In an embodiment, the first thermal sensor may be a heat flux sensor and/or the second thermal sensor may be a temperature sensor.

In an embodiment, the heat flux sensor may include a thermally insulating substrate, e.g. a polyamide, having a first and second side and a plurality of electrically connected thermocouple junctions provided on the first and second side, the spring structure being arrange to press one side of the thermally insulating substrate to the inner surface of the first glazing.

In an embodiment, the sensor module may be configured to determine one or more thermal parameters of the IGU, preferably an R-value or a U-value, based on a temperature difference between the first and second glazing and a heat flux transmitted through the IGU. In an embodiment, the sensor module may further include a light sensor, a humidity sensor, a pressure sensor, and/or an accelerometer.

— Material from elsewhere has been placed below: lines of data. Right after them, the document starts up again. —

text \<open>Differentiation under the integral sign; the bounded partial derivatives make \<open>h\<close>
  Lipschitz, which gives the dominating function for the difference quotients.\<close>
lemma has_derivative_conv_weighted:
  fixes h :: "'a::euclidean_space \<Rightarrow> real"
  assumes N[measurable_cong]: "sets N = sets borel" and w: "integrable N w"
    and hd: "\<And>z. h differentiable (at z)" and hb: "bounded (range h)"
    and pd: "\<And>b. b \<in> Basis \<Longrightarrow> continuous_on UNIV (partial_deriv h b) \<and> bounded (range (partial_deriv h b))"
  shows "(conv_weighted N w h has_derivative
           (\<lambda>u. \<Sum>b\<in>Basis. (u \<bullet> b) * conv_weighted N w (partial_deriv h b) y)) (at y)"
proof -
  have "\<forall>b\<in>Basis. \<exists>B. \<forall>z. \<bar>partial_deriv h b z\<bar> \<le> B"
    using pd unfolding bounded_pos by fastforce
  then obtain B where B: "\<And>b z. b \<in> Basis \<Longrightarrow> \<bar>partial_deriv h b z\<bar> \<le> B b" by metis
  define C where "C = (\<Sum>b\<in>Basis. B b)"
  have D: "\<bar>frechet_derivative h (at z) u\<bar> \<le> C * norm u" for z u
    unfolding C_def using hd B by (rule abs_frechet_derivative_le)
  have [measurable]: "h \<in> borel_measurable borel"
    using hd by (intro borel_measurable_continuous_onI differentiable_imp_continuous_on)
      (simp add: differentiable_on_def)
  have [measurable]: "partial_deriv h b \<in> borel_measurable borel" if "b \<in> Basis" for b
    using pd[OF that] by (intro borel_measurable_continuous_onI) simp
  obtain Bh where Bh: "\<And>z. \<bar>h z\<bar> \<le> Bh" using hb unfolding bounded_pos by auto
  have ih: "integrable N (\<lambda>x. w x * h (v - x))" for v
    by (rule integrable_conv_weighted_integrand[OF N w _ Bh]) simp
  have ip: "integrable N (\<lambda>x. w x * partial_deriv h b (v - x))" if "b \<in> Basis" for b v
    by (rule integrable_conv_weighted_integrand[OF N w _ B]) (use that in simp_all)
  define R where "R x u = h (y + u - x) - h (y - x) - (\<Sum>b\<in>Basis. (u \<bullet> b) * partial_deriv h b (y - x))" for x u
  have R_frechet: "R x u = h ((y - x) + u) - h (y - x) - frechet_derivative h (at (y - x)) u" for x u
    unfolding R_def frechet_derivative_eq_sum_partial_deriv[OF hd] by (simp add: algebra_simps)
  define L where "L u = (\<Sum>b\<in>Basis. (u \<bullet> b) * conv_weighted N w (partial_deriv h b) y)" for u
  have "bounded_linear L" unfolding L_def
    by (intro bounded_linear_sum bounded_linear_compose[OF bounded_linear_mult_left bounded_linear_inner_left])
  have remainder: "conv_weighted N w h (y + u) - conv_weighted N w h y - L u = (\<integral>x. w x * R x u \<partial>N)" for u
  proof -
    have "(\<lambda>x. w x * R x u) = (\<lambda>x. w x * h (y + u - x) - w x * h (y - x) -
            (\<Sum>b\<in>Basis. (u \<bullet> b) * (w x * partial_deriv h b (y - x))))"
      by (auto simp: R_def algebra_simps sum_distrib_left)
    then show ?thesis
      using ih ip by (simp add: conv_weighted_def L_def integral_diff integrable_sum integral_sum)
  qed
  have quotient_le: "norm (conv_weighted N w h (y + u) - conv_weighted N w h y - L u) / norm u \<le>
        (\<integral>x. \<bar>w x\<bar> * (\<bar>R x u\<bar> / norm u) \<partial>N)" for u
  proof -
    have "norm (conv_weighted N w h (y + u) - conv_weighted N w h y - L u) \<le> (\<integral>x. norm (w x * R x u) \<partial>N)"
      unfolding remainder by (rule integral_norm_bound)
    then have "norm (conv_weighted N w h (y + u) - conv_weighted N w h y - L u) / norm u \<le>
        (\<integral>x. norm (w x * R x u) \<partial>N) / norm u"
      by (rule divide_right_mono) simp
    also have "\<dots> = (\<integral>x. \<bar>w x\<bar> * (\<bar>R x u\<bar> / norm u) \<partial>N)"
      unfolding integral_divide_zero[symmetric] by (simp add: abs_mult)
    finally show ?thesis .
  qed
  have "((\<lambda>u. \<integral>x. \<bar>w x\<bar> * (\<bar>R x u\<bar> / norm u) \<partial>N) \<longlongrightarrow> 0) (at 0)"
  proof (rule integral_remainder_quotient_tendsto_zero[OF w])
    show "(\<lambda>x. R x u) \<in> borel_measurable N" for u unfolding R_def by measurable
    show "\<bar>R x u\<bar> \<le> 2 * C * norm u" for x u
      unfolding R_frechet using hd D by (rule abs_first_order_remainder_le)
    show "((\<lambda>u. \<bar>R x u\<bar> / norm u) \<longlongrightarrow> 0) (at 0)" for x
      using hd[of "y - x"] unfolding R_frechet frechet_derivative_works has_derivative_at by simp
  qed
  then have "((\<lambda>u. norm (conv_weighted N w h (y + u) - conv_weighted N w h y - L u) / norm u) \<longlongrightarrow> 0) (at 0)"
    by (rule Lim_null_comparison[rotated]) (use quotient_le in auto)
  then show ?thesis
    using \<open>bounded_linear L\<close> unfolding has_derivative_at L_def by blast
qed

lemma Ck_rec_on_conv_weighted:
  assumes N: "sets N = sets borel" and w: "integrable N w"
  shows "Ck_bdd k h \<Longrightarrow> Ck_rec_on k UNIV (conv_weighted N w h)"
proof (induction k arbitrary: h)
  case 0
  then show ?case using continuous_on_conv_weighted[OF N w] by simp
next
  case (Suc k)
  then have hd: "\<And>z. h differentiable (at z)" and pd: "\<And>b. b \<in> Basis \<Longrightarrow> Ck_bdd k (partial_deriv h b)"
    and hc: "continuous_on UNIV h" "bounded (range h)" by auto
  have D: "(conv_weighted N w h has_derivative
      (\<lambda>u. \<Sum>b\<in>Basis. (u \<bullet> b) * conv_weighted N w (partial_deriv h b) y)) (at y)" for y
    using has_derivative_conv_weighted[OF N w hd hc(2)] Ck_bdd_imp_continuous_bounded[OF pd] by blast
  have "partial_deriv (conv_weighted N w h) b = conv_weighted N w (partial_deriv h b)" if "b \<in> Basis" for b
  proof
    fix y
    have "(\<Sum>b'\<in>Basis. (b \<bullet> b') * conv_weighted N w (partial_deriv h b') y) = conv_weighted N w (partial_deriv h b) y"
      using that by (simp add: inner_Basis if_distrib[of "\<lambda>t. t * _"] sum.If_cases)
    then show "partial_deriv (conv_weighted N w h) b y = conv_weighted N w (partial_deriv h b) y"
      using partial_deriv_eq[OF D[of y], of b] by simp
  qed
  then show ?case using Suc.IH[OF pd] continuous_on_conv_weighted[OF N w hc] D
    by (auto simp: differentiable_def)
qed

section \<open>Additive noise\<close>

lemma distr_pair_plus_density:
  fixes P :: "'a::euclidean_space measure" and f :: "'a \<Rightarrow> ennreal"
  assumes sets_P[measurable_cong]: "sets P = sets borel" and [measurable]: "f \<in> borel_measurable borel"
    and "sigma_finite_measure (density lborel f)"
  shows "distr (P \<Otimes>\<^sub>M density lborel f) (borel \<Otimes>\<^sub>M borel) (\<lambda>(x, v). (x, x + v)) =
         density (P \<Otimes>\<^sub>M lborel) (\<lambda>z. f (snd z - fst z))"
    (is "?L = ?R")
proof (rule measure_eqI)
  interpret Q: sigma_finite_measure "density lborel f" by fact
  have "sets (P \<Otimes>\<^sub>M lborel) = sets (borel \<Otimes>\<^sub>M borel)"
    by (rule sets_pair_measure_cong) (auto simp: sets_P)
  then show "sets ?L = sets ?R" by (metis sets_distr sets_density)
  fix A assume "A \<in> sets ?L"
  then have A[measurable]: "A \<in> sets (borel \<Otimes>\<^sub>M borel)" by simp
  have shift: "(\<integral>\<^sup>+v. f v * indicator A (x, x + v) \<partial>lborel) =
               (\<integral>\<^sup>+y. f (y - x) * indicator A (x, y) \<partial>lborel)" for x
  proof -
    have "(\<integral>\<^sup>+y. f (y - x) * indicator A (x, y) \<partial>lborel) =
          (\<integral>\<^sup>+y. f (y - x) * indicator A (x, y) \<partial>distr lborel borel ((+) x))"
      by (simp add: lborel_distr_plus)
    also have "\<dots> = (\<integral>\<^sup>+v. f (x + v - x) * indicator A (x, x + v) \<partial>lborel)"
      by (subst nn_integral_distr) auto
    finally show ?thesis by simp
  qed
  have "emeasure ?L A = (\<integral>\<^sup>+z. indicator A z \<partial>?L)"
    by (simp add: nn_integral_indicator)
  also have "\<dots> = (\<integral>\<^sup>+z. indicator A ((\<lambda>(x, v). (x, x + v)) z) \<partial>(P \<Otimes>\<^sub>M density lborel f))"
    by (subst nn_integral_distr) auto
  also have "\<dots> = (\<integral>\<^sup>+x. \<integral>\<^sup>+v. indicator A (x, x + v) \<partial>density lborel f \<partial>P)"
    by (subst Q.nn_integral_fst[symmetric]) auto
  also have "\<dots> = (\<integral>\<^sup>+x. \<integral>\<^sup>+y. f (y - x) * indicator A (x, y) \<partial>lborel \<partial>P)"
    by (simp add: nn_integral_density shift)
  also have "\<dots> = (\<integral>\<^sup>+z. f (snd z - fst z) * indicator A z \<partial>(P \<Otimes>\<^sub>M lborel))"
    by (subst lborel.nn_integral_fst[symmetric]) auto
  also have "\<dots> = emeasure ?R A"
    by (subst emeasure_density) (auto simp: mult.commute)
  finally show "emeasure ?L A = emeasure ?R A" .
qed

In an aspect, the invention may relate to a spacer structure for an IGU comprising an inter-pane sensor module according to any of the embodiments described above. In an embodiment, at least part of the inter-pane sensor module may be integrated into the spacer structure.

In another aspect, the invention may relate to a system for processing sensor data of one or more insulating glass units (IGUs) comprising: a plurality of IGUs arranged in one or more facades of one or more buildings, wherein each or at least part of the IGUs may comprise an inter-pane sensor module according to any of the embodiments described above.

In an embodiment, the system may include one or more gateways configured to receive sensor data from the inter-pane sensor modules of the plurality of IGUs and to 5 send the sensor data to a server system configured to process the sensor data.

In an embodiment, the processing may include at least one of: determining a heat flow through one or more of the plurality of IGUs; determining a heat transfer coefficient, preferably the R or U value, of one or more of the plurality of IGUs; determining a pressure and/or moisture level for one or more of the plurality of IGUs; determining one or more thermal parameters, e.g. the heat flow and/or a heat transfer coefficient, associated with one or more of the plurality of IGUs and controlling a climate system of at least one of the one or more buildings based on the one or more thermal parameters.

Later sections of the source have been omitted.